Source data:
lemma xi_filters_Suc:
  assumes "n \<ge> 1"
  shows "F \<in> xi_filters (Suc n) \<longleftrightarrow> F \<subseteq> {1..Suc n} \<and> F - {Suc n} \<in> xi_filters n \<and>
    (if n = 1 \<or> even n then Suc n \<in> F \<longrightarrow> n \<in> F else n \<in> F \<longrightarrow> Suc n \<in> F)"
proof -
  have "(\<forall>i j. xi_cover n i j \<longrightarrow> i \<in> F \<longrightarrow> j \<in> F) \<longleftrightarrow>
      (\<forall>i j. xi_cover n i j \<longrightarrow> i \<in> F - {Suc n} \<longrightarrow> j \<in> F - {Suc n})"
    using xi_cover_range by fastforce
  moreover have "(\<forall>i j. xi_cover (Suc n) i j \<longrightarrow> i \<in> F \<longrightarrow> j \<in> F) \<longleftrightarrow>
      (\<forall>i j. xi_cover n i j \<longrightarrow> i \<in> F \<longrightarrow> j \<in> F) \<and>
      (if n = 1 \<or> even n then Suc n \<in> F \<longrightarrow> n \<in> F else n \<in> F \<longrightarrow> Suc n \<in> F)"
    unfolding xi_cover_Suc[OF assms] by auto
  moreover have "F \<subseteq> {1..Suc n} \<longleftrightarrow> F - {Suc n} \<subseteq> {1..n} \<and> F \<subseteq> {1..Suc n}"
    by auto
  ultimately show ?thesis
    unfolding xi_filters_iff by blast
qed

lemma xi_filters_Suc_notin: "G \<in> xi_filters n \<Longrightarrow> Suc n \<notin> G"
  using xi_filters_subset by fastforce

lemma xi_filters_Suc_iff_of_notin:
  assumes "n \<ge> 1" "Suc n \<notin> G"
  shows "G \<in> xi_filters (Suc n) \<longleftrightarrow> G \<in> xi_filters n \<and> (n = 1 \<or> even n \<or> n \<notin> G)"
proof -
  have "G \<in> xi_filters n \<Longrightarrow> G \<subseteq> {1..Suc n}"
    using xi_filters_subset by fastforce
  with assms show ?thesis by (auto simp: xi_filters_Suc)
qed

Exercise goal: Take the listing from its first line to the line containing "j. xi_cover (Suc". Reproduce those lines exactly and nothing else.

Your solution:
lemma xi_filters_Suc:
  assumes "n \<ge> 1"
  shows "F \<in> xi_filters (Suc n) \<longleftrightarrow> F \<subseteq> {1..Suc n} \<and> F - {Suc n} \<in> xi_filters n \<and>
    (if n = 1 \<or> even n then Suc n \<in> F \<longrightarrow> n \<in> F else n \<in> F \<longrightarrow> Suc n \<in> F)"
proof -
  have "(\<forall>i j. xi_cover n i j \<longrightarrow> i \<in> F \<longrightarrow> j \<in> F) \<longleftrightarrow>
      (\<forall>i j. xi_cover n i j \<longrightarrow> i \<in> F - {Suc n} \<longrightarrow> j \<in> F - {Suc n})"
    using xi_cover_range by fastforce
  moreover have "(\<forall>i j. xi_cover (Suc n) i j \<longrightarrow> i \<in> F \<longrightarrow> j \<in> F) \<longleftrightarrow>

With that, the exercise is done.